Well there's that, and then the not-so small matter of the coffers on Jones' Road being a lot fuller than they would have been if the soccer and rugby crowd had been renting the Millenium over in Cardiff while their new home was being built. The money is important. When the decision was made to open the gates of the venue to the so-called foreign games, Ireland was a very different place. The Celtic Tiger was still just about breathing and nobody foresaw an economic collapse coming down the road.
Who would have believed back then that the government would one day very soon be calling a halt to the sports capital grant scheme (a fantastic system even if it was abused for political purposes) designed to help clubs in all codes improve their facilities? At least the 35m euros or so gleaned from the soccer and rugby tenancies will ensure that the GAA still has a fund with which to finance projects to grow its games.
"We always had to treat it as a windfall gain," said Tom Ryan, the GAA's director of finance, when discussing the lucrative rental last month. "The idea was to leave a legacy behind for the four years that the stadium was open to the other associations. The emphasis was put on capital infrastructure, but capital from a playing and participation point of view, not spectating, not administration."
Almost 100 different projects at GAA clubs around the country will benefit from the fact Sean Kelly and others saw the wisdom in allowing the soccer and rugby teams to enjoy the greatest stadium the country has ever seen. With only a quarter of it already doled out, there's a good chance this fund will help the association and all who sail in her to ride out the worst of the recession. Of course, there's a great irony here too.

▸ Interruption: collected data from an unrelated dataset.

definition dissipative :: "'a::complex_hilbert set \<Rightarrow> ('a \<Rightarrow> 'a) \<Rightarrow> bool" where
  "dissipative D A \<longleftrightarrow> (\<forall>f\<in>D. Im (cinner (A f) f) \<ge> 0)"

definition maximal_dissipative :: "'a::complex_hilbert set \<Rightarrow> ('a \<Rightarrow> 'a) \<Rightarrow> bool" where
  "maximal_dissipative D A \<longleftrightarrow> lin_op D A \<and> dissipative D A \<and>
     (\<forall>D' A'. lin_op D' A' \<and> dissipative D' A' \<and> op_extends D' A' D A \<longrightarrow> D' = D)"

definition separable_space :: "'a::complex_hilbert itself \<Rightarrow> bool" where
  "separable_space _ \<longleftrightarrow> (\<exists>C::'a set. countable C \<and> closure C = UNIV)"

definition unitary_op :: "('a::complex_hilbert \<Rightarrow> 'a) \<Rightarrow> bool" where
  "unitary_op U \<longleftrightarrow> bij U \<and> (\<forall>x y. U (x + y) = U x + U y) \<and> (\<forall>c x. U (scaleC c x) = scaleC c (U x))
     \<and> (\<forall>x y. cinner (U x) (U y) = cinner x y)"

text \<open>An affine map g(x) = a x + b with a > 0 is represented by the pair (a, b).\<close>

definition aff_comp :: "real \<times> real \<Rightarrow> real \<times> real \<Rightarrow> real \<times> real" where
  "aff_comp g h = (fst g * fst h, fst g * snd h + snd g)"

definition aff_inv :: "real \<times> real \<Rightarrow> real \<times> real" where
  "aff_inv g = (1 / fst g, - snd g / fst g)"

definition affine_subgroup :: "(real \<times> real) set \<Rightarrow> bool" where
  "affine_subgroup G \<longleftrightarrow> G \<subseteq> {g. fst g > 0} \<and> (1, 0) \<in> G
     \<and> (\<forall>g\<in>G. \<forall>h\<in>G. aff_comp g h \<in> G) \<and> (\<forall>g\<in>G. aff_inv g \<in> G)"

definition unitary_rep :: "(real \<times> real) set \<Rightarrow> (real \<times> real \<Rightarrow> 'a::complex_hilbert \<Rightarrow> 'a) \<Rightarrow> bool" where
  "unitary_rep G U \<longleftrightarrow> (\<forall>g\<in>G. unitary_op (U g)) \<and> U (1, 0) = id
     \<and> (\<forall>g\<in>G. \<forall>h\<in>G. U (aff_comp g h) = U g \<circ> U h)
     \<and> (\<forall>f. continuous_on G (\<lambda>g. U g f))"

definition G_invariant :: "(real \<times> real) set \<Rightarrow> (real \<times> real \<Rightarrow> 'a::complex_hilbert \<Rightarrow> 'a)
     \<Rightarrow> 'a set \<Rightarrow> ('a \<Rightarrow> 'a) \<Rightarrow> bool" where
  "G_invariant G U D A \<longleftrightarrow> (\<forall>g\<in>G. U g ` D = D \<and>
     (\<forall>f\<in>D. U g (A (inv (U g) f)) = scaleC (complex_of_real (fst g)) (A f) + scaleC (complex_of_real (snd g)) f))"

end

theory Submission
  imports Defs
begin

text \<open>A dissipative extension \<open>A\<close> of a symmetric operator \<open>A\<^sub>0\<close> is automatically a restriction of
  \<open>A\<^sub>0\<^sup>*\<close>: testing dissipativity on \<open>f + c h\<close> with \<open>h \<in> Dom A\<^sub>0\<close> and arbitrary \<open>c\<close> forces
  \<open>\<langle>A\<^sub>0 h, f\<rangle> = \<langle>h, A f\<rangle>\<close>. Covariance \<open>U A\<^sub>0 U\<^sup>* = a A\<^sub>0 + b\<close> passes to the adjoint, so on \<open>U ` Dom A\<close>
  the operator \<open>A\<^sub>0\<^sup>*\<close> coincides with \<open>U g\<^sup>-\<^sup>1(A) U\<^sup>*\<close>. Conjugating by a unitary and applying an affine
  map with positive slope is an invertible operation that preserves linearity, dissipativity and
  extensions, hence maximal dissipativity.\<close>

lemma cinner_add_right: "cinner (x::'a::complex_hilbert) (y + z) = cinner x y + cinner x z"
  by (metis cinner_commute cinner_add_left complex_cnj_add)

lemma cinner_scaleC_right: "cinner (x::'a::complex_hilbert) (scaleC c y) = cnj c * cinner x y"
  by (metis cinner_commute cinner_scaleC_left complex_cnj_mult)

lemma cinner_scaleR_left: "cinner (scaleR r (x::'a::complex_hilbert)) y = of_real r * cinner x y"
  by (simp add: scaleR_scaleC cinner_scaleC_left)

lemma cinner_scaleR_right: "cinner (x::'a::complex_hilbert) (scaleR r y) = of_real r * cinner x y"
  by (simp add: scaleR_scaleC cinner_scaleC_right)

lemma cinner_diff_left: "cinner ((x::'a::complex_hilbert) - y) z = cinner x z - cinner y z"
  using cinner_add_left[of "x - y" y z] by simp

lemma cinner_diff_right: "cinner (z::'a::complex_hilbert) (x - y) = cinner z x - cinner z y"
  using cinner_add_right[of z "x - y" y] by simp

lemma Re_cinner_polarization:
  "Re (cinner (x::'a::complex_hilbert) y) = ((norm (x + y))\<^sup>2 - (norm x)\<^sup>2 - (norm y)\<^sup>2) / 2"
proof -
  have "cinner (x + y) (x + y) = cinner x x + cinner x y + cnj (cinner x y) + cinner y y"
    by (simp add: cinner_add_left cinner_add_right cinner_commute[of y x])
  from arg_cong[where f = Re, OF this] show ?thesis by (simp add: cinner_self)
qed

lemma dense_orthogonal_eq_0:
  assumes "densely_defined (D::'a::complex_hilbert set)" and "\<forall>k\<in>D. cinner k y = 0"
  shows "y = 0"
proof -
  let ?S = "{k. ((norm (k + y))\<^sup>2 - (norm k)\<^sup>2 - (norm y)\<^sup>2) / 2 = 0}"
  have "closed ?S" by (intro closed_Collect_eq continuous_intros) auto
  moreover have "D \<subseteq> ?S"
  proof
    fix k assume "k \<in> D"
    then have "Re (cinner k y) = 0" using assms(2) by simp
    then show "k \<in> ?S" using Re_cinner_polarization[of k y] by simp
  qed
  ultimately have "closure D \<subseteq> ?S" by (rule closure_minimal[rotated])
  moreover have "y \<in> closure D" using assms(1) unfolding densely_defined_def by simp
  ultimately have "y \<in> ?S" by (rule subsetD)
  then have "Re (cinner y y) = 0" using Re_cinner_polarization[of y y] by simp
  then show ?thesis by (simp add: cinner_self)
qed

lemma adj_fun_eqI:
  assumes "densely_defined D" and "\<forall>k\<in>D. cinner (A k) f = cinner k h"
  shows "f \<in> adj_dom D A \<and> adj_fun D A f = h"
proof
  show "f \<in> adj_dom D A" using assms(2) unfolding adj_dom_def by auto
  show "adj_fun D A f = h" unfolding adj_fun_def
  proof (rule the_equality)
    fix h' assume "\<forall>k\<in>D. cinner (A k) f = cinner k h'"
    then have "\<forall>k\<in>D. cinner k (h' - h) = 0" using assms(2) by (simp add: cinner_diff_right)
    then have "h' - h = 0" by (rule dense_orthogonal_eq_0[OF assms(1)])
    then show "h' = h" by simp
  qed (use assms(2) in simp)
qed

lemma adj_fun_cinner:
  assumes "densely_defined D" and "f \<in> adj_dom D A" and "k \<in> D"
  shows "cinner (A k) f = cinner k (adj_fun D A f)"
proof -
  obtain h where h: "\<forall>k\<in>D. cinner (A k) f = cinner k h"
    using assms(2) unfolding adj_dom_def by auto
  then have "adj_fun D A f = h" using adj_fun_eqI[OF assms(1)] by blast
  with h assms(3) show ?thesis by simp
qed

lemma nonneg_affine_imp_slope_zero:
  assumes "\<forall>t::real. 0 \<le> p + t * q"
  shows "q = 0"
proof (rule ccontr)
  assume "q \<noteq> 0"
  then have "p + (- (\<bar>p\<bar> + 1) / q) * q = p - (\<bar>p\<bar> + 1)" by simp
  moreover have "0 \<le> p + (- (\<bar>p\<bar> + 1) / q) * q" using assms by blast
  ultimately show False by linarith
qed

lemma dissipative_extension_cinner_eq:
  fixes D D0 :: "'a::complex_hilbert set"
  assumes "lin_op D A" and "dissipative D A" and "op_extends D A D0 A0" and "symmetric_op D0 A0"
    and f: "f \<in> D" and h: "h \<in> D0"
  shows "cinner (A0 h) f = cinner h (A f)"
proof -
  define \<alpha> where "\<alpha> = cinner (A f) h"
  define \<beta> where "\<beta> = cinner (A0 h) f"
  define r where "r = cinner (A0 h) h"
  have hD: "h \<in> D" and Ah: "A h = A0 h" using assms(3) h unfolding op_extends_def by auto
  have "r = cnj r"
    using assms(4) h cinner_commute[of "A0 h" h] unfolding symmetric_op_def r_def by simp
  then have r_real: "Im r = 0" by (simp add: complex_eq_iff)
  have nonneg: "0 \<le> Im (cinner (A f) f) + Im (cnj c * \<alpha> + c * \<beta>)" for c
  proof -
    have "f + scaleC c h \<in> D" and "A (f + scaleC c h) = A f + scaleC c (A0 h)"
      using assms(1) f hD Ah unfolding lin_op_def csubspace_def by auto
    then have "0 \<le> Im (cinner (A f + scaleC c (A0 h)) (f + scaleC c h))"
      using assms(2) unfolding dissipative_def by metis
    moreover have "cinner (A f + scaleC c (A0 h)) (f + scaleC c h)
        = cinner (A f) f + (cnj c * \<alpha> + c * \<beta>) + c * cnj c * r"
      by (simp add: cinner_add_left cinner_add_right cinner_scaleC_left cinner_scaleC_right
          \<alpha>_def \<beta>_def r_def algebra_simps)
    moreover have "Im (c * cnj c * r) = 0" using r_real by (simp add: complex_mult_cnj)
    ultimately show ?thesis by (simp only: plus_complex.sel)
  qed
  text \<open>For \<open>c = t\<close> and \<open>c = i t\<close> with \<open>t\<close> real these are affine functions of \<open>t\<close> bounded below.\<close>
  have "\<forall>t::real. 0 \<le> Im (cinner (A f) f) + t * Im (\<alpha> + \<beta>)"
    using nonneg[of "of_real _"] by (simp add: algebra_simps)
  then have "Im (\<alpha> + \<beta>) = 0" by (rule nonneg_affine_imp_slope_zero)
  moreover have "\<forall>t::real. 0 \<le> Im (cinner (A f) f) + t * Re (\<beta> - \<alpha>)"
    using nonneg[of "\<i> * of_real _"] by (simp add: algebra_simps)
  then have "Re (\<beta> - \<alpha>) = 0" by (rule nonneg_affine_imp_slope_zero)
  ultimately have "\<beta> = cnj \<alpha>" by (simp add: complex_eq_iff)
  then show ?thesis unfolding \<alpha>_def \<beta>_def by (simp add: cinner_commute[of h])
qed

lemma dissipative_extension_restricts_adjoint:
  assumes "densely_defined D0" and "lin_op D A" and "dissipative D A"
    and "op_extends D A D0 A0" and "symmetric_op D0 A0" and "f \<in> D"
  shows "f \<in> adj_dom D0 A0 \<and> adj_fun D0 A0 f = A f"
  using adj_fun_eqI[OF assms(1)] dissipative_extension_cinner_eq[OF assms(2-6)] by blast

lemma unitary_op_add: "unitary_op V \<Longrightarrow> V (x + y) = V x + V y"
  and unitary_op_scaleC: "unitary_op V \<Longrightarrow> V (scaleC c x) = scaleC c (V x)"
  and unitary_op_cinner: "unitary_op V \<Longrightarrow> cinner (V x) (V y) = cinner x y"
  and unitary_op_bij: "unitary_op V \<Longrightarrow> bij V"
  by (simp_all add: unitary_op_def)

lemma unitary_op_scaleR: "unitary_op (V::'a::complex_hilbert \<Rightarrow> 'a) \<Longrightarrow> V (scaleR r x) = scaleR r (V x)"
  by (simp add: scaleR_scaleC unitary_op_scaleC)

lemma unitary_op_inv_f_f: "unitary_op V \<Longrightarrow> inv V (V x) = x"
  and unitary_op_f_inv_f: "unitary_op V \<Longrightarrow> V (inv V x) = x"
  by (simp_all add: unitary_op_bij bij_is_inj bij_is_surj surj_f_inv_f)

lemma unitary_op_inv:
  assumes "unitary_op V"
  shows "unitary_op (inv V)"
  unfolding unitary_op_def
proof (intro conjI allI)
  show "bij (inv V)" using assms by (simp add: unitary_op_bij bij_imp_bij_inv)
  fix x y c
  have "x + y = V (inv V x + inv V y)"
    by (simp add: assms unitary_op_add unitary_op_f_inv_f)
  then show "inv V (x + y) = inv V x + inv V y" by (simp add: assms unitary_op_inv_f_f)
  have "scaleC c x = V (scaleC c (inv V x))"
    by (simp add: assms unitary_op_scaleC unitary_op_f_inv_f)
  then show "inv V (scaleC c x) = scaleC c (inv V x)" by (simp add: assms unitary_op_inv_f_f)
  have "cinner (inv V x) (inv V y) = cinner (V (inv V x)) (V (inv V y))"
    by (simp add: assms unitary_op_cinner)
  then show "cinner (inv V x) (inv V y) = cinner x y" by (simp add: assms unitary_op_f_inv_f)
qed

lemma adjoint_covariant:
  fixes V :: "'a::complex_hilbert \<Rightarrow> 'a"
  assumes "densely_defined D0" and V: "unitary_op V" and "V ` D0 = D0" and "a \<noteq> 0"
    and cov: "\<forall>k\<in>D0. V (A0 (inv V k)) = scaleR a (A0 k) + scaleR b k"
    and f: "f \<in> adj_dom D0 A0"
  shows "V f \<in> adj_dom D0 A0
    \<and> adj_fun D0 A0 (V f) = scaleR (1 / a) (V (adj_fun D0 A0 f) - scaleR b (V f))"
proof (rule adj_fun_eqI[OF assms(1)], intro ballI)
  fix h assume "h \<in> D0"
  then obtain k where k: "k \<in> D0" and h: "h = V k" using assms(3) by auto
  have "V k \<in> D0" using assms(3) k by blast
  then have "V (A0 (inv V (V k))) = scaleR a (A0 (V k)) + scaleR b (V k)" using cov by blast
  then have "A0 (V k) = scaleR (1 / a) (V (A0 k) - scaleR b (V k))"
    using \<open>a \<noteq> 0\<close> by (simp add: unitary_op_inv_f_f[OF V])
  then have "cinner (A0 h) (V f) = of_real (1 / a) * (cinner (A0 k) f - of_real b * cinner k f)"
    by (simp add: h cinner_scaleR_left cinner_diff_left unitary_op_cinner[OF V])
  also have "\<dots> = of_real (1 / a) * (cinner k (adj_fun D0 A0 f) - of_real b * cinner k f)"
    by (simp add: adj_fun_cinner[OF assms(1) f k])
  also have "\<dots> = cinner h (scaleR (1 / a) (V (adj_fun D0 A0 f) - scaleR b (V f)))"
    by (simp add: h cinner_scaleR_right cinner_diff_right unitary_op_cinner[OF V])
  finally show "cinner (A0 h) (V f) = cinner h (scaleR (1 / a) (V (adj_fun D0 A0 f) - scaleR b (V f)))" .
qed

definition conj_affine :: "('a::complex_hilbert \<Rightarrow> 'a) \<Rightarrow> real \<Rightarrow> real \<Rightarrow> ('a \<Rightarrow> 'a) \<Rightarrow> 'a \<Rightarrow> 'a" where
  "conj_affine V a b A x = scaleR a (V (A (inv V x))) + scaleR b x"

lemma conj_affine_apply:
  "unitary_op V \<Longrightarrow> conj_affine V a b A (V y) = scaleR a (V (A y)) + scaleR b (V y)"
  by (simp add: conj_affine_def unitary_op_inv_f_f)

Nobody is saying as much but it's legitimate to speculate that money earned from letting the FAI and IRFU hang out in the fancy digs may well have helped the GAA avoid doing something as crass as having to sell the naming rights to Croke Park. Think about it. Already, Vincent Browne and other professional agitators and malcontents are campaigning for people to not call the Aviva Stadium by its given name but by the historically accurate Lansdowne Road. The doors aren't even open in that place and the squabbling about the nomenclature has started and won't end for a long time yet.
The GAA has been spared that embarrassment. And really, wouldn't the most hardline refuseniks (yes, some of them knocking around the Cork County Board) prefer that the sacred sod hosted the odd soccer and rugby match than have to rename the stadium after an insurance company or, even worse, a bank? While that allows GAA folk the opportunity to look down their noses at their brethren in the professional codes, the association faces a real challenge now that the rental tap has been turned off. Where will it get such easy money again? How about from the very same people who paid up over the last four years?
"When the Aviva stadium is up and running, the notion of hosting a major soccer or rugby event in Croke Park should not be ruled out," said Deputy Tom Kitt, chairman of the Oireachtas committee on Arts, Sport, Tourism, Community, Rural and Gaeltacht affairs back in November. "Several members mentioned this to IRFU and FAI representatives when we visited the Aviva stadium on the basis that where there is public demand for a World Cup qualifier or major rugby match; Croke Park can hold 30,000 more spectators. I do not want to dampen the excitement about the new stadium but there will be a case for the people we represent to leave that option open."
Kitt was speaking to a select audience that day, including John Delaney and Philip Browne, head honchos of the FAI and the IRFU respectively. He was reminding them that, magnificent as their joint venture looks like being as it rises majestically into the skyline of Dublin 4, it will not be of adequate size for all their games. A capacity of 50,000 is sufficient for all but the rarest of soccer internationals and, judging by their recent trip to the Emirates, the FAI would rather dissolve than pay to play at Croker again anytime soon. All that says more about them than anybody else.
Rugby is a different story. Even those of us who regularly pontificate about the absurdity of its rules and especially its tolerance for thuggery will admit that the popularity of the sport just now ensures they could sell twice that many for most of their fixtures. Indeed, some time in the next couple of years, Ireland will have a Grand Slam on the line in a home game and the row that will ensue about the paucity of tickets for that will be a sight to behold. We hope when that day comes, all those who lambasted the GAA for years about doing the right thing and opening Croke Park will be as rough on the IRFU about the need to shift the game from the Aviva across the river to the northside so that more people can attend. We hope that will be the case. But we doubt it.